Each line of the data below that contains "assumes" must be copied.

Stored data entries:
[Start of section]
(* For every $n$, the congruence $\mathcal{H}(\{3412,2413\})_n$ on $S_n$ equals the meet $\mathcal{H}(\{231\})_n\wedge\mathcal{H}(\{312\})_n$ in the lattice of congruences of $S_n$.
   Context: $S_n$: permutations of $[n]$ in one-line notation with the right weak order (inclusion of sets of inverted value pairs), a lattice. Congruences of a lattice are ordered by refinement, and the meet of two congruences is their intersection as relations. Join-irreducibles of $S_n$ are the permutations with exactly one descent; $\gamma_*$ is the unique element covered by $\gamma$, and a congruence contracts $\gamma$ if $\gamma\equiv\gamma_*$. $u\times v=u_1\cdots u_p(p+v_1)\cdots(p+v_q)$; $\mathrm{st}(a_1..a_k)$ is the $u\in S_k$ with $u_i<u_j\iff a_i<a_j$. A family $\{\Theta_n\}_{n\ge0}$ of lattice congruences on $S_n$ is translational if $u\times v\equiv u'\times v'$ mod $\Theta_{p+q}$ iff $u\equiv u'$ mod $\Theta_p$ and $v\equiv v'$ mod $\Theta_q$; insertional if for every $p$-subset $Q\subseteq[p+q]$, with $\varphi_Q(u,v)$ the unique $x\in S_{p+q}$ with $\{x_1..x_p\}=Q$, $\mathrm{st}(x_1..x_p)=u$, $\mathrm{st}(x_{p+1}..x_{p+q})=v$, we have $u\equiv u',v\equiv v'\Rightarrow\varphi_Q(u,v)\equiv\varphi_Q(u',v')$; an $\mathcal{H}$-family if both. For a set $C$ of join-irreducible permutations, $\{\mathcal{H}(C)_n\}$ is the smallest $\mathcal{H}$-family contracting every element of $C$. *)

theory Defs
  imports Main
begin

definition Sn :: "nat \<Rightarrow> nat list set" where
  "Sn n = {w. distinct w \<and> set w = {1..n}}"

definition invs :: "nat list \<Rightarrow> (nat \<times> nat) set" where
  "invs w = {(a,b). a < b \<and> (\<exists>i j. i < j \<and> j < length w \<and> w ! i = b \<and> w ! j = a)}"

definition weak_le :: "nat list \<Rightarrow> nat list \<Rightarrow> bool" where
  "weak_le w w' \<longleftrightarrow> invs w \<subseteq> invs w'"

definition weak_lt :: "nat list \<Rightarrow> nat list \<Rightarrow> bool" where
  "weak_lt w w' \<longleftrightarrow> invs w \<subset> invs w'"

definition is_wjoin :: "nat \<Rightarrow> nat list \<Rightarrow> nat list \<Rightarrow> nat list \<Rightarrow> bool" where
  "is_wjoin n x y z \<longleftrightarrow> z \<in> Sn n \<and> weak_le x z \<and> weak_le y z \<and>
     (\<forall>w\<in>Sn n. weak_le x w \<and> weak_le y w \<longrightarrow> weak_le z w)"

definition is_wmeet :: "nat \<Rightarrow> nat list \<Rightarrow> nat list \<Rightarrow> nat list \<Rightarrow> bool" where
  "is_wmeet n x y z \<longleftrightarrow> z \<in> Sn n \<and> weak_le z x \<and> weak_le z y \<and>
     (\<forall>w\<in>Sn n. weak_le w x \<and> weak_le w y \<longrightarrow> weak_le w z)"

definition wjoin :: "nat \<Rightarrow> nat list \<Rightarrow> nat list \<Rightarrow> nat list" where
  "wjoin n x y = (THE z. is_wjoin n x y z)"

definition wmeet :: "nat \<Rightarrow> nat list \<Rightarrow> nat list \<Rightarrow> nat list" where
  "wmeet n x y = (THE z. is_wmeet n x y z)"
[End of section]
[Start of section]
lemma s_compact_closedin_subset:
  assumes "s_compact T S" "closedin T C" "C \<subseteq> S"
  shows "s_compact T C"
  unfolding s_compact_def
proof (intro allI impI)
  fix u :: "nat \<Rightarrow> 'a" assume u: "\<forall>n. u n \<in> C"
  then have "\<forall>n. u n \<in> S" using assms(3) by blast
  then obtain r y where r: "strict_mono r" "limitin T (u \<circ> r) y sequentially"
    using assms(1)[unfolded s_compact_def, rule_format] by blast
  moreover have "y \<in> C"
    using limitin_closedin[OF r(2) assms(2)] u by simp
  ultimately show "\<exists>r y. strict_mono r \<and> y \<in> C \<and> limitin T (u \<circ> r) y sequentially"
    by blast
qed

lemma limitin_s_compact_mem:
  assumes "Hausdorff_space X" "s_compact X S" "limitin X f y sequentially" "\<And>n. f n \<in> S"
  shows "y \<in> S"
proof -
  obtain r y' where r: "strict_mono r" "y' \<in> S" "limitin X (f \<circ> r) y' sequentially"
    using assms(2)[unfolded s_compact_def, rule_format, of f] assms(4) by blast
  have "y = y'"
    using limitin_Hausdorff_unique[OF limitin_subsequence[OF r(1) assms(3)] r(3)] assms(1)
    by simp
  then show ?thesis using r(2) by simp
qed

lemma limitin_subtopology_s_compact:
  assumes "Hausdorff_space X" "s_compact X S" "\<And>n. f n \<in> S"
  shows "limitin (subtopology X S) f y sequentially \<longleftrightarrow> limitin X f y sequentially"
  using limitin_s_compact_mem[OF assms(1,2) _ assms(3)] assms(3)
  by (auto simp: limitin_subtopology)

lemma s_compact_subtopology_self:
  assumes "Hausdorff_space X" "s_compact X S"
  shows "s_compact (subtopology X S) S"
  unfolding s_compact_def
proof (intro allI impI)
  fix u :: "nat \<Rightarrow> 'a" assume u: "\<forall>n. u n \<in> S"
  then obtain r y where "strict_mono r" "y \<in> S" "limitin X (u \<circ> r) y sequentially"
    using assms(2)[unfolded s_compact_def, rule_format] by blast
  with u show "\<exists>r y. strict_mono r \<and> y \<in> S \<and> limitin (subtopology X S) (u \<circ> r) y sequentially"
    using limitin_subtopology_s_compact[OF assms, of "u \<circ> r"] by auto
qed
[End of section]
[Start of section]
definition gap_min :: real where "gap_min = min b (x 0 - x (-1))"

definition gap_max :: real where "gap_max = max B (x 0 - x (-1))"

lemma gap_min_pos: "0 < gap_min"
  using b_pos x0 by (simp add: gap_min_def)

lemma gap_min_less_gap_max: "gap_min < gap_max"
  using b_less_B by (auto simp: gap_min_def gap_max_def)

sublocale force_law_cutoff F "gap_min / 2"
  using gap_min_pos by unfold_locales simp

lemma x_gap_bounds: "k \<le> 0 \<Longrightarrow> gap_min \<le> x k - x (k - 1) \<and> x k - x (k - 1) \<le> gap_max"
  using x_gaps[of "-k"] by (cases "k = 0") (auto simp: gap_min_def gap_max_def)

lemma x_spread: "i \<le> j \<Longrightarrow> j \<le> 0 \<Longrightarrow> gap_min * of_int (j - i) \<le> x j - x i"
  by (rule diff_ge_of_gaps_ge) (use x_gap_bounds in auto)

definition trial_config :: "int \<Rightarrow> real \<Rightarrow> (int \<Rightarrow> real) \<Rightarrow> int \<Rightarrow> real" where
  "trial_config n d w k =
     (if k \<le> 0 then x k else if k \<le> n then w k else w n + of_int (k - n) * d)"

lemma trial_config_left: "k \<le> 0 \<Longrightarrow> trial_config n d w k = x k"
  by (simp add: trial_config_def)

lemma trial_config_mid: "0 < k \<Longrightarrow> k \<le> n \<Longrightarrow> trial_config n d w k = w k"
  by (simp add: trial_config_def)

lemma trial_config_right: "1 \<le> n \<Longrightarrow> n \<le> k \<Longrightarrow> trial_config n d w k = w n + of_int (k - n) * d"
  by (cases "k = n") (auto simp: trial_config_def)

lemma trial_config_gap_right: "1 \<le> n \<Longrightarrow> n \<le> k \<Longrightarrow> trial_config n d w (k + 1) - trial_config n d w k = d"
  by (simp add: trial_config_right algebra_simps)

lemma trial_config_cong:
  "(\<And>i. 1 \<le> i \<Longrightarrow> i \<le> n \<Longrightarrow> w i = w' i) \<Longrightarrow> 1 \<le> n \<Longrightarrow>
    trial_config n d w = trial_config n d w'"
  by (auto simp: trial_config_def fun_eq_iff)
[End of section]
Output below
  assumes "s_compact T S" "closedin T C" "C \<subseteq> S"
  assumes "Hausdorff_space X" "s_compact X S" "limitin X f y sequentially" "\<And>n. f n \<in> S"
  assumes "Hausdorff_space X" "s_compact X S" "\<And>n. f n \<in> S"
  assumes "Hausdorff_space X" "s_compact X S"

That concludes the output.